According to a CNN poll cited in the BoAML note, when asked who would be responsible for a longer shutdown of the U.S. government, 46 percent of respondents blamed Republicans in Congress, 36 percent pointed to Obama and 13 percent said both.
(Read More: Obama to Wall Street: This time be worried)
And finally, the third pressure point would be triggered by the stock market, said Harris, suggesting that signs of a panicked selloff could spur U.S. politicians into action.
So far, global equity markets have shown a relatively muted reaction to news of the shutdown.
Wall Street closed in the red on Wednesday, but off of earlier session lows. The Dow was down 0.39 percent and the S&P 500 closed 0.07 percent lower. Meanwhile, major Asian indices also indicated only mild investor caution over the issue, as Japan's Nikkei opened roughly 0.3 percent lower on Thursday, while Australian stocks traded 0.3 percent higher.

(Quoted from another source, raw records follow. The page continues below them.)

lemma F1fld_horizontal_normal_orthonormal:
  assumes x: "x \<in> U" and nc: "\<not> (dder X1 u x = 0 \<and> dder X2 u x = 0)"
  shows "g x (F1fld X1 X2 u x) (F1fld X1 X2 u x) = 1"
    and "g x (horizontal_normal X1 X2 u x) (F1fld X1 X2 u x) = 0"
    and "volg g X1 X2 x (F1fld X1 X2 u x) (horizontal_normal X1 X2 u x) = 1"
proof -
  define R where "R = sqrt ((dder X1 u x)\<^sup>2 + (dder X2 u x)\<^sup>2)"
  have R: "R \<noteq> 0" "R * R = dder X1 u x * dder X1 u x + dder X2 u x * dder X2 u x"
    using nc by (auto simp: R_def power2_eq_square)
  note coords = F1fld_frame_coords horizontal_normal_frame_coords R_def[symmetric]
  have "g x (F1fld X1 X2 u x) (F1fld X1 X2 u x)
      = (dder X1 u x * dder X1 u x + dder X2 u x * dder X2 u x) / (R * R)"
    using R(1) unfolding coords g_frame_coords[OF x] by (simp add: field_simps)
  also have "\<dots> = 1"
    unfolding R(2)[symmetric] using R(1) by simp
  finally show "g x (F1fld X1 X2 u x) (F1fld X1 X2 u x) = 1" .
  show "g x (horizontal_normal X1 X2 u x) (F1fld X1 X2 u x) = 0"
    unfolding coords g_frame_coords[OF x] by simp
  have "volg g X1 X2 x (F1fld X1 X2 u x) (horizontal_normal X1 X2 u x)
      = (dder X1 u x * dder X1 u x + dder X2 u x * dder X2 u x) / (R * R)"
    using R(1) unfolding volg_def coords g_frame_X1[OF x] g_frame_X2[OF x] by (simp add: field_simps)
  also have "\<dots> = 1"
    unfolding R(2)[symmetric] using R(1) by simp
  finally show "volg g X1 X2 x (F1fld X1 X2 u x) (horizontal_normal X1 X2 u x) = 1" .
qed

lemma horizontal_tangent_orthogonal_F1fld_eq_0:
  assumes x: "x \<in> U" and nc: "\<not> (dder X1 u x = 0 \<and> dder X2 u x = 0)" and u: "u differentiable at x"
    and V: "V \<in> Dfib w x" and orth: "g x V (F1fld X1 X2 u x) = 0" and tangent: "frechet_derivative u (at x) V = 0"
  shows "V = 0"
proof -
  let ?a = "dder X1 u x" and ?c = "dder X2 u x"
  let ?R = "sqrt (?a\<^sup>2 + ?c\<^sup>2)"
  obtain v1 v2 where V_eq: "V = v1 *\<^sub>R X1 x + v2 *\<^sub>R X2 x"
    using Dfib_frame_expansion[OF x V] by blast
  have "v1 * (?c / ?R) + v2 * (- ?a / ?R) = 0"
    using orth unfolding V_eq F1fld_frame_coords g_frame_coords[OF x] .
  then have e1: "v1 * ?c - v2 * ?a = 0"
    using nc by (simp add: field_simps)
  have e2: "v1 * ?a + v2 * ?c = 0"
    using tangent unfolding V_eq frechet_derivative_frame_combination[OF u] .
  have "v1 * (?a\<^sup>2 + ?c\<^sup>2) = ?a * (v1 * ?a + v2 * ?c) + ?c * (v1 * ?c - v2 * ?a)"
    and "v2 * (?a\<^sup>2 + ?c\<^sup>2) = ?c * (v1 * ?a + v2 * ?c) - ?a * (v1 * ?c - v2 * ?a)"
    by (simp_all add: algebra_simps power2_eq_square)
  moreover have "?a\<^sup>2 + ?c\<^sup>2 \<noteq> 0"
    using nc by simp
  ultimately have "v1 = 0" "v2 = 0"
    using e1 e2 by auto
  then show ?thesis
    using V_eq by simp
qed

end

locale noncharacteristic_point = contact_frame +
  fixes u :: "pt \<Rightarrow> real" and p :: pt
  assumes u_C2: "Ck_on 2 U u" and p_in_U: "p \<in> U"
    and noncharacteristic: "\<not> (dder X1 u p = 0 \<and> dder X2 u p = 0)"
begin

abbreviation "F1 \<equiv> F1fld X1 X2 u"
abbreviation "F2 \<equiv> F2fld X0 X1 X2 u"
abbreviation "\<nu> \<equiv> horizontal_normal X1 X2 u"
abbreviation "b \<equiv> bfun X0 X1 X2 u"

lemma u_differentiable: "u differentiable at p"
  by (rule Ck_on_2_D(1)[OF u_C2 p_in_U])

lemma fields_differentiable:
  shows "F1 differentiable at p" and "\<nu> differentiable at p"
    and "b differentiable at p" and "F2 differentiable at p"
proof -
  let ?s = "\<lambda>y. (dder X1 u y)\<^sup>2 + (dder X2 u y)\<^sup>2"
  have d: "dder X0 u differentiable at p" "dder X1 u differentiable at p" "dder X2 u differentiable at p"
    using dder_differentiable[OF open_U p_in_U u_C2] differentiable_X0 differentiable_X1
      differentiable_X2 p_in_U
    by auto
  have s_pos: "?s p > 0"
    using noncharacteristic by (simp add: sum_power2_gt_zero_iff)
  have "sqrt differentiable at (?s p)"
    using DERIV_real_sqrt[OF s_pos] by (auto simp: differentiable_def has_field_derivative_def)
  then have R: "(\<lambda>y. sqrt (?s y)) differentiable at p"
    by (rule differentiable_compose[where g = ?s, unfolded o_def]) (use d in auto)
  have R_nz: "sqrt (?s p) \<noteq> 0"
    using real_sqrt_gt_zero[OF s_pos] by linarith
  note X12 = differentiable_X1[OF p_in_U] differentiable_X2[OF p_in_U]
  show "F1 differentiable at p"
    unfolding F1fld_def[abs_def] using R R_nz d X12 by (intro derivative_intros) auto
  show \<nu>: "\<nu> differentiable at p"
    unfolding horizontal_normal_def[abs_def] using R R_nz d X12 by (intro derivative_intros) auto
  show b: "b differentiable at p"
    unfolding bfun_def[abs_def] using R R_nz d by (intro derivative_intros) auto
  show "F2 differentiable at p"
    unfolding F2fld_eq_bfun_horizontal_normal[abs_def] using \<nu> b differentiable_X0[OF p_in_U]
    by (intro derivative_intros) auto
qed

lemma dder_lie_F1_F2: "dder (lie F1 F2) u p = 0"
proof -
  have "continuous (at p) (dder X1 u)" "continuous (at p) (dder X2 u)"
    using dder_differentiable[OF open_U p_in_U u_C2] differentiable_X1[OF p_in_U]
      differentiable_X2[OF p_in_U]
    by (auto intro: differentiable_imp_continuous_within)
  then have "continuous (at p) (\<lambda>y. (dder X1 u y)\<^sup>2 + (dder X2 u y)\<^sup>2)"
    by (intro continuous_intros)
  moreover have "(dder X1 u p)\<^sup>2 + (dder X2 u p)\<^sup>2 \<noteq> 0"
    using noncharacteristic by simp
  ultimately obtain e where e: "e > 0" "\<And>y. dist p y < e \<Longrightarrow> (dder X1 u y)\<^sup>2 + (dder X2 u y)\<^sup>2 \<noteq> 0"
    by (blast dest: continuous_at_avoid)
  have "frechet_derivative (dder F2 u) (at p) = (\<lambda>v. 0)"
  proof (rule frechet_derivative_locally_const[where S = "U \<inter> ball p e" and k = 0])
    fix y assume "y \<in> U \<inter> ball p e"
    then show "dder F2 u y = 0"
      using e(2) Ck_on_2_D(1)[OF u_C2] by (intro dder_F2fld_self) auto
  qed (use open_U p_in_U e(1) in auto)
  moreover have "frechet_derivative (dder F1 u) (at p) = (\<lambda>v. 0)"
    using Ck_on_2_D(1)[OF u_C2]
    by (intro frechet_derivative_locally_const[OF open_U p_in_U, where k = 0] dder_F1fld_self)
  ultimately show ?thesis
    using dder_lie[OF open_U p_in_U u_C2 fields_differentiable(1,4)] by (simp add: dder_def)
qed

lemma inner_w_lie_F1_nu: "w p \<bullet> lie F1 \<nu> p = 1"
proof -
  have "w p \<bullet> lie F1 \<nu> p = - dform w p (F1 p) (\<nu> p)"
    using F1fld_horizontal horizontal_normal_horizontal
    by (intro inner_lie_eq_neg_dform[OF open_U p_in_U differentiable_w[OF p_in_U]
          fields_differentiable(1,2), where k = 0 and l = 0])
      (auto simp: Dfib_def)
  also have "\<dots> = 1"
    using dform_eq_neg_volg[OF p_in_U F1fld_horizontal[OF p_in_U] horizontal_normal_horizontal[OF p_in_U]]
      F1fld_horizontal_normal_orthonormal(3)[OF p_in_U noncharacteristic] by simp
  finally show ?thesis .
qed

lemma inner_w_lie_X0_F1: "w p \<bullet> lie X0 F1 p = 0"
proof -
  have "w p \<bullet> lie X0 F1 p = - dform w p (X0 p) (F1 p)"
    using reeb_w F1fld_horizontal
    by (intro inner_lie_eq_neg_dform[OF open_U p_in_U differentiable_w[OF p_in_U]
          differentiable_X0[OF p_in_U] fields_differentiable(1), where k = 1 and l = 0])
      (auto simp: Dfib_def)
  then show ?thesis
    using reeb_dform[OF p_in_U] by simp
qed

lemma lie_F1_F2_expansion:
  "lie F1 F2 p = b p *\<^sub>R (lie F1 \<nu> p - X0 p) + (dder F1 b p + (b p)\<^sup>2) *\<^sub>R \<nu> p + lie X0 F1 p - b p *\<^sub>R F2 p"
proof -
  note d = fields_differentiable
  have F2: "F2 = (\<lambda>y. b y *\<^sub>R \<nu> y - X0 y)"
    by (rule ext) (rule F2fld_eq_bfun_horizontal_normal)
  have "lie F1 F2 p = lie F1 (\<lambda>y. b y *\<^sub>R \<nu> y) p - lie F1 X0 p"
    unfolding F2 using d(2,3) by (intro lie_diff_right d(1) differentiable_X0[OF p_in_U]) auto
  also have "\<dots> = b p *\<^sub>R lie F1 \<nu> p + dder F1 b p *\<^sub>R \<nu> p + lie X0 F1 p"
    using lie_scaleR_right[OF d(1,3,2)] lie_skew[of F1 X0 p] by simp
  finally show ?thesis
    using F2 by (simp add: algebra_simps power2_eq_square)
qed

lemma hfun_F1: "hfun w g X0 F1 p = - g p (lie F1 \<nu> p - X0 p) (F1 p)"
proof -
  have "lie F1 (\<lambda>y. Jmap w g y (F1 y)) p = lie F1 \<nu> p"
    using frechet_derivative_cong_open[OF open_U p_in_U, of "\<lambda>y. Jmap w g y (F1 y)"] Jmap_F1fld p_in_U
    by (simp add: lie_def)
  then show ?thesis
    using inner_w_lie_F1_nu by (simp add: hfun_def projD_def)
qed

lemma lie_F1_F2:
  "lie F1 F2 p = - (b p * hfun w g X0 F1 p + etafun g X0 F1 p) *\<^sub>R F1 p - b p *\<^sub>R F2 p"
proof -
  let ?k = "b p * hfun w g X0 F1 p + etafun g X0 F1 p"
  define P where "P = lie F1 \<nu> p - X0 p"
  define Q where "Q = lie X0 F1 p"
  define V where "V = lie F1 F2 p + ?k *\<^sub>R F1 p + b p *\<^sub>R F2 p"
  have V_eq: "V = b p *\<^sub>R P + (dder F1 b p + (b p)\<^sup>2) *\<^sub>R \<nu> p + Q + ?k *\<^sub>R F1 p"
    unfolding V_def P_def Q_def lie_F1_F2_expansion by (simp add: algebra_simps)
  have horizontal: "P \<in> Dfib w p" "Q \<in> Dfib w p" "\<nu> p \<in> Dfib w p" "F1 p \<in> Dfib w p"
    using inner_w_lie_F1_nu inner_w_lie_X0_F1 reeb_w[OF p_in_U]
      horizontal_normal_horizontal[OF p_in_U] F1fld_horizontal[OF p_in_U]
    by (simp_all add: P_def Q_def Dfib_def inner_diff_right)
  have "V = 0"
  proof (rule horizontal_tangent_orthogonal_F1fld_eq_0[OF p_in_U noncharacteristic u_differentiable])
    show "V \<in> Dfib w p"
      unfolding V_eq using horizontal by (simp add: Dfib_add Dfib_scaleR)
    show "g p V (F1 p) = 0"
      unfolding V_eq using horizontal p_in_U hfun_F1
        F1fld_horizontal_normal_orthonormal[OF p_in_U noncharacteristic]
      by (simp add: g_add g_scaleR Dfib_add Dfib_scaleR etafun_def P_def[symmetric] Q_def[symmetric])
    show "frechet_derivative u (at p) V = 0"
      unfolding V_def using linear_frechet_derivative[OF u_differentiable] dder_lie_F1_F2
        dder_F1fld_self[OF u_differentiable] dder_F2fld_self[OF u_differentiable noncharacteristic]
      by (simp add: dder_def linear_add linear_scale)
  qed
  moreover have "lie F1 F2 p = V - ?k *\<^sub>R F1 p - b p *\<^sub>R F2 p"
    by (simp add: V_def)
  ultimately show ?thesis
    by (simp add: algebra_simps)
qed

However, in a White House interview late Wednesday, President Barack Obama said financial markets should be genuinely worried about the budget stalemate on Capitol Hill.
"I think this time is different, I think they should be concerned," Obama told CNBC's Jon Harwood. "It is important for [Wall Street] to recognize that this is going to have a profound impact on our economy and their bottom lines, their employees and their shareholders," he added.
(Read More: The government shutdown probably kills the 'Octaper')
Andy Cross chief investment officer at the Motley Fool, told CNBC Asia's Squawk Box on Thursday that it would take a sizeable stock market correction to spur Congress into action.
"I think [a potential equity market correction] has to be significant for them to really wake up, because there is so much anger back and forth. But I think we actually may see some pullback here and that's a good time to be buying stocks for long term investors," said Cross.
Deliberation over funding for President Barack Obama's Affordable Care Act, otherwise known as 'Obamacare,' has been the major source of the stalemate between the two major U.S. political parties. The Republicans want to delay the bill, while Democrats refuse to budge on the issue.